▸ WHAT IS NEEDED
Please take the records that follow and repeat exactly the lines starting with the line with "j then e i'" and going on through the line with "j' < k \<Longrightarrow>".

▸ PROVIDED RECORDS

┌──

lemma (in variable_order) kconv_frac_deriv_bound:
  assumes \<zeta>: "0 < \<zeta>" and \<epsilon>: "0 \<le> \<epsilon>" "\<epsilon> \<le> 1/4"
    and Mk: "\<And>s. s \<in> {0..T} \<Longrightarrow> \<bar>vo_kernel_ext \<alpha> s\<bar> \<le> Mk"
    and Ck: "0 \<le> Ck" "\<And>x y. 0 < y \<Longrightarrow> y \<le> x \<Longrightarrow> x \<le> T \<Longrightarrow>
      \<bar>vo_kernel_ext \<alpha> x - vo_kernel_ext \<alpha> y\<bar> \<le> Ck * (x - y) * y powr (-1/2)"
    and dw: "continuous_on {0..T} dw"
    and w: "\<forall>s\<in>{0..T}. (w has_real_derivative dw s) (at s within {0..T})"
    and D1: "\<forall>s\<in>{0<..T}. ((\<lambda>r. \<zeta> * kconv \<alpha> w r) has_real_derivative D1 s) (at s within {0..T})"
    and t: "t \<in> {0<..T}"
    and D2: "(RL_int (1 - \<epsilon>) D1 has_real_derivative D2) (at t within {0..T})"
  shows "\<bar>D2\<bar> \<le> \<zeta> / Gamma (1 - \<epsilon>) * (Mk + 8 * Ck * sqrt T) * integral {0..t} (\<lambda>s. \<bar>dw s\<bar> / (t - s) powr \<epsilon>)
    + \<zeta> / Gamma (1 - \<epsilon>) * (Mk + 8 * Ck * sqrt T) * \<bar>w 0\<bar> / t powr \<epsilon>"
proof -
  interpret frac_kernel_conv T Mk Ck "vo_kernel_ext \<alpha>" w dw \<epsilon>
    by unfold_locales (use T_pos vo_kernel_ext_continuous_on Mk Ck dw w \<epsilon> in auto)
  have "((\<lambda>r. 1 / Gamma (1 - \<epsilon>) * integral {0..r} (\<lambda>s. (r - s) powr (-\<epsilon>) * D1 s))
      has_real_derivative D2) (at t within {0..T})"
    using D2 by (simp add: RL_int_def[abs_def])
  then have "\<bar>D2\<bar> \<le> 1 / Gamma (1 - \<epsilon>) * \<zeta> * (Mk + 8 * Ck * sqrt T)
      * (weighted_abs_deriv t + \<bar>w 0\<bar> * t powr (-\<epsilon>))"
    using \<zeta> \<epsilon> D1 t vo_kernel_eq_ext[of _ \<alpha>] Gamma_real_pos[of "1 - \<epsilon>"]
    by (intro frac_integral_deriv_bound[where K="vo_kernel \<alpha>"]) (auto simp: kconv_def)
  moreover have "weighted_abs_deriv t = integral {0..t} (\<lambda>s. \<bar>dw s\<bar> / (t - s) powr \<epsilon>)"
    unfolding weighted_abs_deriv_def by (simp add: powr_minus_divide)
  moreover have "1 / Gamma (1 - \<epsilon>) * \<zeta> * C * (W + \<bar>w 0\<bar> * t powr (-\<epsilon>))
      = \<zeta> / Gamma (1 - \<epsilon>) * C * W + \<zeta> / Gamma (1 - \<epsilon>) * C * \<bar>w 0\<bar> / t powr \<epsilon>" for C W
    by (simp add: powr_minus_divide ring_distribs divide_inverse mult_ac)
  ultimately show ?thesis by simp
qed

theorem lemma3p3:
  fixes \<alpha> \<alpha>1 \<alpha>2 :: "real \<Rightarrow> real" and T \<zeta> :: real
  assumes T_pos: "T > 0" and zeta_pos: "\<zeta> > 0"
    and alpha_bounds: "\<exists>\<alpha>s>0. \<forall>t\<in>{0..T}. \<alpha>s \<le> \<alpha> t \<and> \<alpha> t \<le> 1"
    and alpha0: "\<alpha> 0 = 1"
    and d1: "\<forall>t\<in>{0..T}. (\<alpha> has_real_derivative \<alpha>1 t) (at t within {0..T})"
    and d2: "\<forall>t\<in>{0..T}. (\<alpha>1 has_real_derivative \<alpha>2 t) (at t within {0..T})"
    and d3: "\<exists>L. \<forall>s\<in>{0..T}. \<forall>t\<in>{0..T}. \<bar>\<alpha>2 s - \<alpha>2 t\<bar> \<le> L * \<bar>s - t\<bar>"
  shows "\<exists>\<epsilon>0>0. \<forall>\<epsilon>. 0 \<le> \<epsilon> \<and> \<epsilon> \<le> \<epsilon>0 \<longrightarrow>
    (\<exists>Q. \<forall>(\<Omega>::(real^'n) set) (v::real^'n \<Rightarrow> real \<Rightarrow> real) x dw D1 D2 t.
       open \<Omega> \<and> bounded \<Omega> \<and> CARD('n) \<le> 3 \<and> x \<in> \<Omega>
       \<and> continuous_on {0..T} dw
       \<and> (\<forall>s\<in>{0..T}. ((\<lambda>r. laplacian (\<lambda>y. v y r) x) has_real_derivative dw s) (at s within {0..T}))
       \<and> (\<forall>s\<in>{0<..T}. ((\<lambda>r. \<zeta> * kconv \<alpha> (\<lambda>\<tau>. laplacian (\<lambda>y. v y \<tau>) x) r)
                             has_real_derivative D1 s) (at s within {0..T}))
       \<and> t \<in> {0<..T}
       \<and> (RL_int (1 - \<epsilon>) D1 has_real_derivative D2) (at t within {0..T})
       \<longrightarrow> \<bar>D2\<bar> \<le> Q * integral {0..t} (\<lambda>s. \<bar>dw s\<bar> / (t - s) powr \<epsilon>)
                 + Q * \<bar>laplacian (\<lambda>y. v y 0) x\<bar> / t powr \<epsilon>)"
proof -
  obtain \<alpha>s where \<alpha>s: "0 < \<alpha>s" "\<forall>t\<in>{0..T}. \<alpha>s \<le> \<alpha> t \<and> \<alpha> t \<le> 1"
    using alpha_bounds by blast
  have "continuous_on {0..T} \<alpha>1"
    using d2 by (meson DERIV_continuous continuous_on_eq_continuous_within)
  then interpret variable_order T \<alpha>s \<alpha> \<alpha>1
    by unfold_locales (use T_pos \<alpha>s alpha0 d1 in auto)
  obtain Ck where Ck: "0 \<le> Ck" "\<And>x y. 0 < y \<Longrightarrow> y \<le> x \<Longrightarrow> x \<le> T \<Longrightarrow>
      \<bar>vo_kernel_ext \<alpha> x - vo_kernel_ext \<alpha> y\<bar> \<le> Ck * (x - y) * y powr (-1/2)"
    using vo_kernel_ext_increment_le by blast
  obtain Mk where Mk: "\<And>s. s \<in> {0..T} \<Longrightarrow> \<bar>vo_kernel_ext \<alpha> s\<bar> \<le> Mk"
    using bounded_on_Icc[OF vo_kernel_ext_continuous_on] T_pos by (metis less_eq_real_def)
  show ?thesis
    apply (rule exI[of _ "1/4"], intro conjI allI impI exI)
     apply simp
    apply (elim conjE)
    apply (rule kconv_frac_deriv_bound[OF zeta_pos _ _ Mk Ck]; assumption)
    done
qed
lemma in_span_imp_in_V:
  assumes "in_span_fam d e ({..<m} \<times> {..<k}) v"
  shows "in_V v"
proof -
  from assms obtain c where v: "v \<in> carrier_vec d"
    and c: "\<And>r. r < d \<Longrightarrow> v $ r = (\<Sum>i<m. \<Sum>j<k. c i j * e i j $ r)"
    unfolding in_span_fam_def by (auto simp: sum.cartesian_product)
  have "braket (e a b) v = c a b" if ab: "a < m" "b < k" for a b
  proof -
    have "braket (e a b) v = (\<Sum>i<m. \<Sum>j<k. c i j * braket (e a b) (e i j))"
      using e_carrier ab
      by (simp add: braket_eq_sum[of _ d] c sum_distrib_left sum_distrib_right mult.assoc
          sum.swap[of _ "{..<d}"])
    also have "\<dots> = (\<Sum>i<m. \<Sum>j<k. if i = a \<and> j = b then c i j else 0)"
      by (intro sum.cong refl) (use ab in \<open>auto simp: e_orthonormal\<close>)
    also have "\<dots> = c a b" using ab by (rule sum_sum_delta)
    finally show ?thesis .
  qed
  then show ?thesis unfolding in_V_def using v c by simp
qed

lemma braket_in_V:
  assumes v: "v \<in> carrier_vec d" and w: "in_V w"
  shows "braket v w = (\<Sum>a<m. \<Sum>b<k. braket (e a b) w * cnj (braket (e a b) v))"
proof -
  have "braket v w = (\<Sum>a<m. \<Sum>b<k. braket (e a b) w * (\<Sum>r<d. e a b $ r * cnj (v $ r)))"
    using v w unfolding in_V_def
    by (simp add: braket_eq_sum[of _ d] sum_distrib_left sum_distrib_right mult.assoc sum.swap[of _ "{..<d}"])
  also have "\<dots> = (\<Sum>a<m. \<Sum>b<k. braket (e a b) w * cnj (braket (e a b) v))"
    by (intro sum.cong refl)
      (use v e_carrier in \<open>simp add: braket_eq_sum[of _ d, symmetric] braket_conj_sym[of v d]\<close>)
  finally show ?thesis .
qed

lemma braket_mult_in_V:
  assumes Q: "Q \<in> carrier_mat d d" and \<psi>: "in_V \<psi>"
  shows "braket \<psi> (Q *\<^sub>v \<psi>) = (\<Sum>a<m. \<Sum>b<k. braket (e a b) \<psi> * braket \<psi> (Q *\<^sub>v e a b))"
proof -
  have \<psi>c: "\<psi> \<in> carrier_vec d" using in_V_carrier[OF \<psi>] .
  have "(Q *\<^sub>v \<psi>) $ r = (\<Sum>a<m. \<Sum>b<k. braket (e a b) \<psi> * (Q *\<^sub>v e a b) $ r)" if r: "r < d" for r
  proof -
    have "(Q *\<^sub>v \<psi>) $ r = (\<Sum>s<d. Q $$ (r,s) * (\<Sum>a<m. \<Sum>b<k. braket (e a b) \<psi> * e a b $ s))"
      using \<psi> unfolding in_V_def by (simp add: index_mult_mat_vec_sum[OF Q \<psi>c r] del: index_mult_mat_vec)
    also have "\<dots> = (\<Sum>a<m. \<Sum>b<k. braket (e a b) \<psi> * (\<Sum>s<d. Q $$ (r,s) * e a b $ s))"
      by (simp add: sum_distrib_left mult_ac sum.swap[of _ "{..<d}"])
    also have "\<dots> = (\<Sum>a<m. \<Sum>b<k. braket (e a b) \<psi> * (Q *\<^sub>v e a b) $ r)"
      by (intro sum.cong refl)
        (use e_carrier in \<open>simp add: index_mult_mat_vec_sum[OF Q _ r] del: index_mult_mat_vec\<close>)
    finally show ?thesis .
  qed
  then show ?thesis
    using \<psi>c by (simp add: braket_eq_sum[of _ d] sum_distrib_left sum_distrib_right mult.assoc
        sum.swap[of _ "{..<d}"] del: index_mult_mat_vec)
qed

lemma braket_bottom_unit:
  assumes Q: "Q \<in> carrier_mat d d"
    and Q_e: "\<And>a b. a < m \<Longrightarrow> b < k \<Longrightarrow> Q *\<^sub>v e a b = (if a = i then e i' b else 0\<^sub>v d)"
    and i: "i < m" and i': "i' < m" and \<psi>: "in_V \<psi>"
  shows "braket \<psi> (Q *\<^sub>v \<psi>) = rdm_bottom k e \<psi> i i'"
proof -
  have \<psi>c: "\<psi> \<in> carrier_vec d" using in_V_carrier[OF \<psi>] .
  have "braket \<psi> (Q *\<^sub>v \<psi>)
      = (\<Sum>a<m. if a = i then \<Sum>b<k. braket (e i b) \<psi> * cnj (braket (e i' b) \<psi>) else 0)"
    unfolding braket_mult_in_V[OF Q \<psi>] by (intro sum.cong refl)
      (use i' e_carrier in \<open>auto simp: Q_e braket_zero_right[OF \<psi>c] braket_basis_right[OF \<psi>c]\<close>)
  then show ?thesis using i by (simp add: rdm_bottom_def)
qed

lemma braket_top_unit:
  assumes Q: "Q \<in> carrier_mat d d"
    and Q_e: "\<And>a b. a < m \<Longrightarrow> b < k \<Longrightarrow> Q *\<^sub>v e a b = (if b = j then e a j' else 0\<^sub>v d)"
    and j: "j < k" and j': "j' < k" and \<psi>: "in_V \<psi>"
  shows "braket \<psi> (Q *\<^sub>v \<psi>) = rdm_top m e \<psi> j j'"
proof -
  interpret swapped: product_onb d k m "\<lambda>j i. e i j" by (rule product_onb_swap)
  show ?thesis using swapped.braket_bottom_unit[OF Q _ j j'] Q_e \<psi> by (simp add: in_V_swap)
qed

lemma braket_matrix_unit:
  assumes Q: "Q \<in> carrier_mat d d"
    and Q_e: "\<And>a b. a < m \<Longrightarrow> b < k \<Longrightarrow> Q *\<^sub>v e a b = (if a = i \<and> b = j then e i' j' else 0\<^sub>v d)"
    and i: "i < m" and j: "j < k" and i': "i' < m" and j': "j' < k" and \<psi>: "in_V \<psi>"
  shows "braket \<psi> (Q *\<^sub>v \<psi>) = braket (e i j) \<psi> * cnj (braket (e i' j') \<psi>)"
proof -
  have \<psi>c: "\<psi> \<in> carrier_vec d" using in_V_carrier[OF \<psi>] .
  have "braket \<psi> (Q *\<^sub>v \<psi>)
      = (\<Sum>a<m. \<Sum>b<k. if a = i \<and> b = j then braket (e i j) \<psi> * cnj (braket (e i' j') \<psi>) else 0)"
    unfolding braket_mult_in_V[OF Q \<psi>] by (intro sum.cong refl)
      (use i' j' e_carrier in \<open>auto simp: Q_e braket_zero_right[OF \<psi>c] braket_basis_right[OF \<psi>c]\<close>)
  then show ?thesis using sum_sum_delta[OF i j] by simp
qed

end

section \<open>Flux insertion preserves product states\<close>

locale flux_insertion = product_onb +
  fixes Ab At :: "complex mat set" and U :: "complex mat"
  assumes Ab_alg: "op_algebra d Ab" and At_alg: "op_algebra d At"
    and Ab_At_commute: "\<And>X Y. X \<in> Ab \<Longrightarrow> Y \<in> At \<Longrightarrow> X * Y = Y * X"
    and U_unitary: "unitary_mat d U"
    and U_conj_Ab: "\<And>X. X \<in> Ab \<Longrightarrow> mat_adjoint U * X * U \<in> Ab \<and> U * X * mat_adjoint U \<in> Ab"
    and U_conj_At: "\<And>X. X \<in> At \<Longrightarrow> mat_adjoint U * X * U \<in> At \<and> U * X * mat_adjoint U \<in> At"
    and bottom_units: "\<And>i i'. i < m \<Longrightarrow> i' < m \<Longrightarrow>
      \<exists>Q\<in>Ab. \<forall>a<m. \<forall>b<k. Q *\<^sub>v e a b = (if a = i then e i' b else 0\<^sub>v d)"
    and top_units: "\<And>j j'. j < k \<Longrightarrow> j' < k \<Longrightarrow>
      \<exists>Q\<in>At. \<forall>a<m. \<forall>b<k. Q *\<^sub>v e a b = (if b = j then e a j' else 0\<^sub>v d)"
    and basis_expectation_product: "\<And>i j X Y. i < m \<Longrightarrow> j < k \<Longrightarrow> X \<in> Ab \<Longrightarrow> Y \<in> At \<Longrightarrow>
      braket (e i j) (X * Y *\<^sub>v e i j) = braket (e i j) (X *\<^sub>v e i j) * braket (e i j) (Y *\<^sub>v e i j)"
begin

lemma flux_insertion_swap: "flux_insertion d k m (\<lambda>j i. e i j) At Ab U"
proof -
  interpret swapped: product_onb d k m "\<lambda>j i. e i j" by (rule product_onb_swap)
  show ?thesis
  proof (unfold_locales)
    show "\<exists>Q\<in>At. \<forall>a<k. \<forall>b<m. Q *\<^sub>v e b a = (if a = j then e b j' else 0\<^sub>v d)"
      if "j < k" "j' < k" for j j' using top_units[OF that] by blast
    show "\<exists>Q\<in>Ab. \<forall>a<k. \<forall>b<m. Q *\<^sub>v e b a = (if b = i then e i' a else 0\<^sub>v d)"
      if "i < m" "i' < m" for i i' using bottom_units[OF that] by blast
    show "braket (e i j) (Y * X *\<^sub>v e i j) = braket (e i j) (Y *\<^sub>v e i j) * braket (e i j) (X *\<^sub>v e i j)"
      if "j < k" "i < m" "Y \<in> At" "X \<in> Ab" for i j X Y
      using basis_expectation_product[OF that(2,1,4,3)] Ab_At_commute[OF that(4,3)] by simp
  qed (use Ab_alg At_alg Ab_At_commute U_unitary U_conj_Ab U_conj_At in auto)
qed

lemma U_carrier: "U \<in> carrier_mat d d"
  and U_adjoint_U: "mat_adjoint U * U = 1\<^sub>m d"
  and U_U_adjoint: "U * mat_adjoint U = 1\<^sub>m d"
  using U_unitary unfolding unitary_mat_def by auto

lemma Ab_carrier: "X \<in> Ab \<Longrightarrow> X \<in> carrier_mat d d"
  using Ab_alg unfolding op_algebra_def by auto
lemma inner_tendsto_transfer:
  fixes x a :: "nat \<Rightarrow> 'a::real_inner"
  assumes M: "\<And>n. norm (x n) \<le> M" and a: "a \<longlonglongrightarrow> L"
    and l: "(\<lambda>n. inner (x n) (a n)) \<longlonglongrightarrow> l"
  shows "(\<lambda>n. inner (x n) L) \<longlonglongrightarrow> l"
proof -
  have "(\<lambda>n. inner (x n) (a n - L)) \<longlonglongrightarrow> 0"
  proof (rule Lim_null_comparison)
    show "\<forall>\<^sub>F n in sequentially. norm (inner (x n) (a n - L)) \<le> \<bar>M\<bar> * norm (a n - L)"
    proof (rule always_eventually, rule allI)
      fix n
      have "norm (inner (x n) (a n - L)) \<le> norm (x n) * norm (a n - L)"
        by (simp add: Cauchy_Schwarz_ineq2)
      also have "\<dots> \<le> \<bar>M\<bar> * norm (a n - L)" using M[of n] by (intro mult_right_mono) auto
      finally show "norm (inner (x n) (a n - L)) \<le> \<bar>M\<bar> * norm (a n - L)" .
    qed
    show "(\<lambda>n. \<bar>M\<bar> * norm (a n - L)) \<longlonglongrightarrow> 0"
      using a by (intro tendsto_mult_right_zero tendsto_norm_zero) (simp add: LIM_zero)
  qed
  hence "(\<lambda>n. inner (x n) (a n) - inner (x n) (a n - L)) \<longlonglongrightarrow> l - 0" by (intro tendsto_diff l)
  thus ?thesis by (simp add: inner_diff_right)
qed

text \<open>Polarisation: if the metric distances of x n to z1 and to z2 converge and the metrics
  converge pointwise, then the cross term <x n, W n (z2 - z1)> converges.\<close>
lemma metric_cross_term_convergent:
  fixes x :: "nat \<Rightarrow> 'a::real_inner" and W :: "nat \<Rightarrow> 'a \<Rightarrow> 'a"
  assumes lin: "\<And>n. linear (W n)" and sa: "\<And>n u v. inner (W n u) v = inner u (W n v)"
    and Wconv: "\<And>v. convergent (\<lambda>n. W n v)"
    and conv1: "convergent (\<lambda>n. inner (W n (x n - z1)) (x n - z1))"
    and conv2: "convergent (\<lambda>n. inner (W n (x n - z2)) (x n - z2))"
  shows "convergent (\<lambda>n. inner (x n) (W n (z2 - z1)))"
proof -
  define N where "N n u = inner (W n u) u" for n u
  have Nconv: "convergent (\<lambda>n. N n u)" for u
  proof -
    obtain Lu where "(\<lambda>n. W n u) \<longlonglongrightarrow> Lu" using Wconv[of u] by (auto simp: convergent_def)
    hence "(\<lambda>n. inner (W n u) u) \<longlonglongrightarrow> inner Lu u" by (intro tendsto_intros)
    thus ?thesis unfolding N_def by (auto simp: convergent_def)
  qed
  have Nexp: "N n (a - b) = N n a - 2 * inner (W n a) b + N n b" for n a b
    using quadratic_form_expand[OF lin sa, of n a "-1" b] unfolding N_def by simp
  have polar: "inner (x n) (W n (z2 - z1)) = (N n (x n - z1) - N n (x n - z2) - N n z1 + N n z2) / 2" for n
  proof -
    have "inner (W n (x n)) z2 - inner (W n (x n)) z1 = inner (x n) (W n (z2 - z1))"
      by (simp add: sa linear_diff[OF lin] inner_diff_right)
    thus ?thesis unfolding Nexp by simp
  qed
  obtain a1 a2 b1 b2 where "(\<lambda>n. N n (x n - z1)) \<longlonglongrightarrow> a1" "(\<lambda>n. N n (x n - z2)) \<longlonglongrightarrow> a2"
      "(\<lambda>n. N n z1) \<longlonglongrightarrow> b1" "(\<lambda>n. N n z2) \<longlonglongrightarrow> b2"
    using conv1 conv2 Nconv[of z1] Nconv[of z2] unfolding N_def convergent_def by blast
  hence "(\<lambda>n. inner (x n) (W n (z2 - z1))) \<longlonglongrightarrow> (a1 - a2 - b1 + b2) / 2"
    unfolding polar by (intro tendsto_intros) auto
  thus ?thesis by (auto simp: convergent_def)
qed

└──

▸ YOUR RESPONSE
    and Q_e: "\<And>a b. a < m \<Longrightarrow> b < k \<Longrightarrow> Q *\<^sub>v e a b = (if a = i \<and> b = j then e i' j' else 0\<^sub>v d)"
    and i: "i < m" and j: "j < k" and i': "i' < m" and j': "j' < k" and \<psi>: "in_V \<psi>"
  shows "braket \<psi> (Q *\<^sub>v \<psi>) = braket (e i j) \<psi> * cnj (braket (e i' j') \<psi>)"
proof -
  have \<psi>c: "\<psi> \<in> carrier_vec d" using in_V_carrier[OF \<psi>] .
  have "braket \<psi> (Q *\<^sub>v \<psi>)
      = (\<Sum>a<m. \<Sum>b<k. if a = i \<and> b = j then braket (e i j) \<psi> * cnj (braket (e i' j') \<psi>) else 0)"
    unfolding braket_mult_in_V[OF Q \<psi>] by (intro sum.cong refl)
      (use i' j' e_carrier in \<open>auto simp: Q_e braket_zero_right[OF \<psi>c] braket_basis_right[OF \<psi>c]\<close>)
  then show ?thesis using sum_sum_delta[OF i j] by simp
qed

end

section \<open>Flux insertion preserves product states\<close>

locale flux_insertion = product_onb +
  fixes Ab At :: "complex mat set" and U :: "complex mat"
  assumes Ab_alg: "op_algebra d Ab" and At_alg: "op_algebra d At"
    and Ab_At_commute: "\<And>X Y. X \<in> Ab \<Longrightarrow> Y \<in> At \<Longrightarrow> X * Y = Y * X"
    and U_unitary: "unitary_mat d U"
    and U_conj_Ab: "\<And>X. X \<in> Ab \<Longrightarrow> mat_adjoint U * X * U \<in> Ab \<and> U * X * mat_adjoint U \<in> Ab"
    and U_conj_At: "\<And>X. X \<in> At \<Longrightarrow> mat_adjoint U * X * U \<in> At \<and> U * X * mat_adjoint U \<in> At"
    and bottom_units: "\<And>i i'. i < m \<Longrightarrow> i' < m \<Longrightarrow>
      \<exists>Q\<in>Ab. \<forall>a<m. \<forall>b<k. Q *\<^sub>v e a b = (if a = i then e i' b else 0\<^sub>v d)"
    and top_units: "\<And>j j'. j < k \<Longrightarrow> j' < k \<Longrightarrow>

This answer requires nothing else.